If you're not getting close to 45-55MPG (hwy), riding somewhat sedately with a DR650SE, something isn't adjusted right. Common tune culprits are the needle position, the mixture screw adjustment, the pilot jet, and the main jet. If the main jet is the recommended one and it test-rides well per Procycle's instructions, I'd start with going leaner on the needle and then adjusting the mixture screw per instructions. If there isn't enough adjustment in the needle and the mixture screw, try a 1-size smaller pilot jet and start testing needle/screw settings again.

You don't even really have to remove the carb to do the Procycle kit. Just drain the bowl into a paper cup and pour that back into the tank, pull the lines and cables, remove the plastics, seat, and tank, then loosen the carb boot clamps, and rotate the carb to access the top or bottom. Use a good #2 Phillips bit, and a cordless drill with the clutch set fairly soft (I used "5" on my drill), to break the OEM screws loose. I had to go up one slot leaner on the needle from Procycle's instructions though, as my idle mix was too rich to adjust with the range the mixture screw affords. The kit is do-able with a stock exhaust too, so you don't have to spend your money there just yet. I WOULD recommend getting a filter better than the OEM or a K&N. Uni or Twinair come to mind.

- Get a decent service manual.
- Get a flat-repair kit and the tools to do it (BeadBuddy, EnduroStar trail-stand, combo 24mm/19mm/12-13mm wrench/levers for axle nuts, spokes and tire beads). Get the tools to check your intake/exhaust valves too.
- Get a skid and case protection if you're riding any dirt...or carry a lot of Quiksteel and spare quarts of oil. Armor is more responsible though.

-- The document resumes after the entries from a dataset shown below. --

(* Let $G$ be a locally compact abelian group, $X$ a locally convex topological vector space over $\mathbf{C}$, $n\in\mathbf{Z}_+$, and $H$ a closed subgroup of $G$ such that $G/H$ is a torsion group. Then: (a) the restriction map $r:P^n(G,X)\to P^n(H,X)$, $p\mapsto p|_H$, is one-to-one, so $\dim P^n(G,X)\le\dim P^n(H,X)$; (b) if moreover $G/H$ is of bounded order and $P^n(H)$ is finite dimensional, then $r:P^n(G,X)\to P^n(H,X)$ is a linear isomorphism.
   Context: $\mathbf{Z}_+=\{0,1,2,\dots\}$. A group is torsion if every element has finite order, and of bounded order if the orders of its elements are bounded. For an abelian topological group $S$, a continuous $p:S\to X$ is a polynomial of degree at most $n$ if for all $s,t\in S$ the map $m\mapsto p(s+mt)$, $m\in\mathbf{Z}_+$, is a polynomial in $m$ of degree at most $n$ with coefficients in $X$; $P^n(S,X)$ is the space of these and $P^n(S)=P^n(S,\mathbf{C})$. *)

theory Defs
  imports "HOL-Analysis.Analysis"
begin

class complex_vector = real_vector +
  fixes scaleC :: "complex \<Rightarrow> 'a \<Rightarrow> 'a" (infixr "*\<^sub>C" 75)
  assumes scaleC_add_right: "a *\<^sub>C (x + y) = a *\<^sub>C x + a *\<^sub>C y"
    and scaleC_add_left: "(a + b) *\<^sub>C x = a *\<^sub>C x + b *\<^sub>C x"
    and scaleC_scaleC: "a *\<^sub>C (b *\<^sub>C x) = (a * b) *\<^sub>C x"
    and scaleC_one: "1 *\<^sub>C x = x"
    and scaleR_scaleC: "r *\<^sub>R x = complex_of_real r *\<^sub>C x"

instantiation complex :: complex_vector
begin
definition scaleC_complex :: "complex \<Rightarrow> complex \<Rightarrow> complex" where
  "scaleC_complex a x = a * x"
instance by standard (auto simp: scaleC_complex_def algebra_simps scaleR_conv_of_real)
end

definition nmul :: "nat \<Rightarrow> 'g::ab_group_add \<Rightarrow> 'g" where
  "nmul m t = (\<Sum>i<m. t)"

text \<open>Topological abelian group, locally compact (and Hausdorff via the t2_space class).\<close>
definition topological_ab_group :: "'g::{topological_space, ab_group_add} itself \<Rightarrow> bool" where
  "topological_ab_group _ \<longleftrightarrow>
     continuous_on UNIV (\<lambda>(x::'g, y::'g). x + y) \<and> continuous_on UNIV (\<lambda>x::'g. - x)"

definition locally_compact_space_type :: "'g::topological_space itself \<Rightarrow> bool" where
  "locally_compact_space_type _ \<longleftrightarrow>
     (\<forall>x::'g. \<exists>U K. open U \<and> compact K \<and> x \<in> U \<and> U \<subseteq> K)"

definition locally_convex_tvs :: "'x::{topological_space, complex_vector} itself \<Rightarrow> bool" where
  "locally_convex_tvs _ \<longleftrightarrow>
     continuous_on UNIV (\<lambda>(x::'x, y::'x). x + y) \<and>
     continuous_on UNIV (\<lambda>(c::complex, x::'x). c *\<^sub>C x) \<and>
     (\<forall>U. open U \<and> (0::'x) \<in> U \<longrightarrow> (\<exists>V. open V \<and> convex V \<and> 0 \<in> V \<and> V \<subseteq> U))"

definition closed_subgroup :: "'g::{topological_space, ab_group_add} set \<Rightarrow> bool" where
  "closed_subgroup H \<longleftrightarrow> closed H \<and> 0 \<in> H \<and> (\<forall>x\<in>H. \<forall>y\<in>H. x + y \<in> H) \<and> (\<forall>x\<in>H. - x \<in> H)"

definition quotient_torsion :: "'g::ab_group_add set \<Rightarrow> bool" where
  "quotient_torsion H \<longleftrightarrow> (\<forall>g. \<exists>k>0. nmul k g \<in> H)"

definition quotient_bounded_order :: "'g::ab_group_add set \<Rightarrow> bool" where
  "quotient_bounded_order H \<longleftrightarrow> (\<exists>B. \<forall>g. \<exists>k>0. k \<le> B \<and> nmul k g \<in> H)"

text \<open>P^n(S,X) for a subgroup S (with the subspace topology); functions are
  represented extensionally, i.e. as functions on the ambient type vanishing off S.\<close>
definition Pn :: "nat \<Rightarrow> 'g::{topological_space, ab_group_add} set
                   \<Rightarrow> ('g \<Rightarrow> 'x::{topological_space, complex_vector}) set" where
  "Pn n S = {p. continuous_on S p \<and> (\<forall>x. x \<notin> S \<longrightarrow> p x = 0) \<and>
     (\<forall>s\<in>S. \<forall>t\<in>S. \<exists>c::nat \<Rightarrow> 'x. \<forall>m::nat.
        p (s + nmul m t) = (\<Sum>k\<le>n. (of_nat m) ^ k *\<^sub>C c k))}"

definition restr :: "'g set \<Rightarrow> ('g \<Rightarrow> 'x::zero) \<Rightarrow> ('g \<Rightarrow> 'x)" where
  "restr H p = (\<lambda>x. if x \<in> H then p x else 0)"

definition fin_dim_C :: "('g \<Rightarrow> complex) set \<Rightarrow> bool" where
  "fin_dim_C V \<longleftrightarrow> (\<exists>k (f :: nat \<Rightarrow> 'g \<Rightarrow> complex). (\<forall>i<k. f i \<in> V) \<and>
     (\<forall>p\<in>V. \<exists>a :: nat \<Rightarrow> complex. p = (\<lambda>x. \<Sum>i<k. a i * f i x)))"

end

theory Submission
  imports Defs "HOL-Computational_Algebra.Polynomial"
begin

text \<open>Along every ray \<open>m \<mapsto> s + m t\<close> a polynomial of degree at most \<open>n\<close> is a polynomial in \<open>m\<close>,
  so by Lagrange interpolation its value at \<open>g\<close> is a fixed linear combination of its values
  at \<open>0, k g, \<dots>, n k g\<close>, for any \<open>k > 0\<close>. If \<open>G/H\<close> is torsion, \<open>k\<close> can be chosen with
  \<open>k g \<in> H\<close>, so \<open>p|\<^sub>H\<close> determines \<open>p\<close>. If \<open>G/H\<close> has bounded order, a single \<open>N\<close> works for all
  \<open>g\<close>, and the same linear combination of the values \<open>q (j N g)\<close> extends any \<open>q \<in> P\<^sup>n(H,X)\<close>
  to \<open>G\<close>: it is continuous, and polynomial along rays because \<open>q\<close> is polynomial along the rays
  \<open>m \<mapsto> j N s + m N t\<close> of \<open>H\<close>.\<close>

lemma scaleC_zero_right [simp]: "a *\<^sub>C (0::'x::complex_vector) = 0"
  by (metis add_cancel_right_right scaleC_add_right)

lemma scaleC_zero_left [simp]: "(0::complex) *\<^sub>C (x::'x::complex_vector) = 0"
  by (metis add_cancel_right_right scaleC_add_left)

lemma scaleC_sum_right: "a *\<^sub>C sum f A = (\<Sum>i\<in>A. a *\<^sub>C (f i :: 'x::complex_vector))"
  by (induction A rule: infinite_finite_induct) (simp_all add: scaleC_add_right)

lemma scaleC_sum_left: "sum f A *\<^sub>C (x::'x::complex_vector) = (\<Sum>i\<in>A. f i *\<^sub>C x)"
  by (induction A rule: infinite_finite_induct) (simp_all add: scaleC_add_left)
section \<open>Minimum clique transversals of longest paths\<close>

lemma (in simple_graph) private_neighbour:
  assumes K: "clique E K" "lp_transversal V E K" "v \<in> K" "K - {v} \<noteq> {}"
    and not_transversal: "\<not> lp_transversal V E (K - {v})"
  shows "\<exists>b\<in>V - K. E v b \<and> (\<forall>w\<in>K - {v}. \<not> E b w)"
proof -
  have "K \<subseteq> V" using K(2) by (simp add: lp_transversal_def)
  then obtain p where p: "longest_path V E p" "set p \<inter> (K - {v}) = {}"
    using not_transversal by (auto simp: lp_transversal_def)
  have path: "is_path V E p" using p(1) by (simp add: longest_path_def)
  have "v \<in> set p" using K(2,3) p by (auto simp: lp_transversal_def)
  then obtain i where i: "i < length p" "p!i = v" by (auto simp: in_set_conv_nth)
  have outside: "w \<in> V" "w \<notin> set p" "E v w" if "w \<in> K - {v}" for w
    using that \<open>K \<subseteq> V\<close> p(2) K(1,3) by (auto simp: clique_def)
  have "Suc i < length p"
  proof (rule ccontr)
    assume "\<not> Suc i < length p"
    then have "i = length p - 1" "p \<noteq> []" using i(1) by auto
    then have "last p = v" using i(2) by (simp add: last_conv_nth)
    obtain w where "w \<in> K - {v}" using K(4) by blast
    then have "is_path V E (p @ [w])" using is_path_snoc[OF path] outside \<open>last p = v\<close> by blast
    then show False using longest_path_length_le[OF p(1)] by fastforce
  qed
  define b where "b = p!Suc i"
  have "b \<in> set p" "b \<noteq> v" "E v b"
    using \<open>Suc i < length p\<close> i is_path_edge[OF path] path nth_eq_iff_index_eq[of p "Suc i" i]
    by (auto simp: b_def is_path_def)
  then have "b \<in> V - K" using path p(2) by (auto simp: is_path_def)
  moreover have "\<not> E b w" if "w \<in> K - {v}" for w
  proof
    assume "E b w"
    then have "is_path V E (take (Suc i) p @ w # drop (Suc i) p)"
      using is_path_insert[OF path \<open>Suc i < length p\<close>] outside[OF that] i sym[of b w]
      by (simp add: b_def)
    then show False using longest_path_length_le[OF p(1)] \<open>Suc i < length p\<close> by fastforce
  qed
  ultimately show ?thesis using \<open>E v b\<close> by blast
qed

context chordal_graph
begin

text \<open>Otherwise \<^term>\<open>[w, v, bv, bw]\<close> would be an induced 4-cycle.\<close>

lemma private_neighbours_nonadjacent:
  assumes "E v w" "E v bv" "E w bw" "\<not> E bv w" "\<not> E bw v" "bv \<noteq> w" "bw \<noteq> v"
  shows "\<not> E bv bw"
proof
  assume "E bv bw"
  have "\<not> E w bv" using assms(4) sym[of w bv] by blast
  then have "chordless E [w, v, bv]" using chordless_three[OF sym[OF assms(1)] assms(2)] by blast
  moreover have "w \<noteq> v" "v \<noteq> bv" "bw \<noteq> w" "bw \<noteq> bv"
    using assms irrefl sym[of v bv] by blast+
  then have "is_path V E [w, v, bv]" "bw \<in> V" "bw \<notin> set [w, v, bv]"
    using assms sym[of v w] edge_in_V[OF assms(1)] edge_in_V[OF assms(2)]
      edge_in_V(2)[OF assms(3)]
    by (auto simp: is_path_def less_Suc_eq)
  moreover have "E bw (hd [w, v, bv])" "E bw (last [w, v, bv])"
    using sym[OF assms(3)] sym[OF \<open>E bv bw\<close>] by simp_all
  ultimately show False using closing_vertex_sees_interior[of "[w, v, bv]" bw] assms(5) by auto
qed

lemma has_induced_KtKt_if_private_neighbours:
  assumes K: "clique E K" "K \<subseteq> V" "t \<le> card K"
    and b: "\<And>v. v \<in> K \<Longrightarrow> b v \<notin> K \<and> E v (b v) \<and> (\<forall>w\<in>K - {v}. \<not> E (b v) w)"
  shows "has_induced_KtKt V E t"
proof -
  have "finite K" using K(2) finite_V finite_subset by blast
  then obtain a where a: "a ` {..<t} \<subseteq> K" "inj_on a {..<t}"
    using card_le_inj[of "{..<t}" K] K(3) by auto
  have b_nonadj: "\<not> E (a i) (b (a j))" if "i < t" "j < t" "i \<noteq> j" for i j
  proof -
    have "a i \<in> K - {a j}" using a that by (auto simp: inj_on_def)
    then show ?thesis using b[of "a j"] a(1) that sym[of "a i" "b (a j)"] by auto
  qed
  have "inj_on (b \<circ> a) {..<t}"
  proof (rule inj_onI, rule ccontr)
    fix i j assume "i \<in> {..<t}" "j \<in> {..<t}" "(b \<circ> a) i = (b \<circ> a) j" "i \<noteq> j"
    then show False using b_nonadj[of i j] b[of "a i"] a(1) by auto
  qed
  moreover have "a ` {..<t} \<inter> (b \<circ> a) ` {..<t} = {}" using a(1) b by fastforce
  moreover have "(b \<circ> a) ` {..<t} \<subseteq> V" using a(1) b edge_in_V(2) by fastforce
  moreover have "(E (a i) (a j) \<longleftrightarrow> i \<noteq> j) \<and> \<not> E (b (a i)) (b (a j))
      \<and> (E (a i) (b (a j)) \<longleftrightarrow> i = j)" if "i < t" "j < t" for i j
  proof (cases "i = j")
    case True
    then show ?thesis using b a(1) that irrefl by auto
  next
    case False
    have "a i \<in> K" "a j \<in> K" "a i \<noteq> a j" using a that False by (auto simp: inj_on_def)
    then have "E (a i) (a j)" using K(1) by (simp add: clique_def)
    have bi: "b (a i) \<notin> K" "E (a i) (b (a i))" "\<not> E (b (a i)) (a j)"
      using b[of "a i"] \<open>a i \<in> K\<close> \<open>a j \<in> K\<close> \<open>a i \<noteq> a j\<close> by auto
    have bj: "b (a j) \<notin> K" "E (a j) (b (a j))" "\<not> E (b (a j)) (a i)"
      using b[of "a j"] \<open>a i \<in> K\<close> \<open>a j \<in> K\<close> \<open>a i \<noteq> a j\<close> by auto
    have "\<not> E (b (a i)) (b (a j))"
      using bi(1) bj(1) \<open>a i \<in> K\<close> \<open>a j \<in> K\<close>
      by (intro private_neighbours_nonadjacent[OF \<open>E (a i) (a j)\<close> bi(2) bj(2) bi(3) bj(3)]) auto
    then show ?thesis using \<open>E (a i) (a j)\<close> b_nonadj[OF that False] False by simp
  qed
  ultimately show ?thesis unfolding has_induced_KtKt_def using a K(2)
    by (intro exI[of _ a] exI[of _ "b \<circ> a"]) auto
qed

lemma minimum_clique_transversal_small:
  assumes t: "2 \<le> t" "\<not> has_induced_KtKt V E t"
    and K: "clique E K" "lp_transversal V E K"
    and minimum: "\<And>K'. clique E K' \<Longrightarrow> lp_transversal V E K' \<Longrightarrow> card K \<le> card K'"
  shows "card K < t"
proof (rule ccontr)
  assume "\<not> card K < t"
  have "K \<subseteq> V" using K(2) by (simp add: lp_transversal_def)
  then have "finite K" using finite_V finite_subset by blast
  have "\<exists>b\<in>V - K. E v b \<and> (\<forall>w\<in>K - {v}. \<not> E b w)" if "v \<in> K" for v
  proof (rule private_neighbour[OF K that])
    show "K - {v} \<noteq> {}"
    proof
      assume "K - {v} = {}"
      then have "K = {v}" using that by blast
      then show False using \<open>\<not> card K < t\<close> t(1) by simp
    qed
    show "\<not> lp_transversal V E (K - {v})"
      using minimum[of "K - {v}"] clique_subset[OF K(1)] card_Diff1_less[OF \<open>finite K\<close> that]
      by fastforce
  qed
  then obtain b where "\<And>v. v \<in> K \<Longrightarrow> b v \<notin> K \<and> E v (b v) \<and> (\<forall>w\<in>K - {v}. \<not> E (b v) w)"
    by (metis DiffE)
  then have "has_induced_KtKt V E t"
    using \<open>\<not> card K < t\<close> by (intro has_induced_KtKt_if_private_neighbours[OF K(1) \<open>K \<subseteq> V\<close>]) auto
  then show False using t(2) by blast
qed

end

theorem theorem3p11:
  fixes V :: "'a set" and E :: "'a \<Rightarrow> 'a \<Rightarrow> bool" and t :: nat
  assumes "t \<ge> 2"
    and "graph V E"
    and "connected_graph V E"
    and "chordal V E"
    and "\<not> has_induced_KtKt V E t"
  shows "lpt V E \<le> t - 1"
proof -
  interpret chordal_graph V E using assms(2,4) by unfold_locales
  define CT where "CT = {K. clique E K \<and> lp_transversal V E K}"
  obtain K0 where "K0 \<in> CT" using clique_lp_transversal_exists[OF assms(3)] by (auto simp: CT_def)
  then obtain K where K: "K \<in> CT" and minimum: "\<And>K'. K' \<in> CT \<Longrightarrow> card K \<le> card K'"
    using ex_has_least_nat[of "\<lambda>K. K \<in> CT" K0 card] by blast
  have "card K < t"
    using minimum_clique_transversal_small[OF assms(1,5)] K minimum by (auto simp: CT_def)
  moreover have "lpt V E \<le> card K" using K unfolding lpt_def CT_def by (auto intro: Least_le)
  ultimately show ?thesis by linarith
qed

end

- Do the DR fixes. Swap the upper chain-roller for a Loc-tited setscrew ($0.90 @ Ace Hardware), Loc-tite and torque the NSU screws and the primary nut, grease the steering and swingarm bearings, and torque all reachable fasteners to spec.
- A lot of people like to get oil filter magnets and magnetic crankcase plugs.
- Loosen the barclamps on your clutch and front brake levers slightly, so they can rotate if hit. Drill the levers near the balls. Tusk handguards are also super affordable and pretty strong.
- ATV Logic tank panniers and tankbag are extremely inexpensive and fit stock or aftermarket DR tanks with just a different adjustable rear strap for the tankbag. Some people also stitch straps to the bottom front of the tank panniers for better retention than the supplied velcro provides. The bags give you a place to carry your registration, maps, GPS, beverages, extra layers, etc., and they weigh almost nothing...for a fraction of the cost of something like Wolfman or Giant Loop tank luggage.
- Set up the suspension for your weight with cargo. You'll likely need heavier springs, fork oil, and shock oil...minimum.
- Ride the snot out of it and decide what else you want to do. Your butt may toughen up enough for the stock seat to be a non-issue. You may prefer no windscreen. You may want even more power.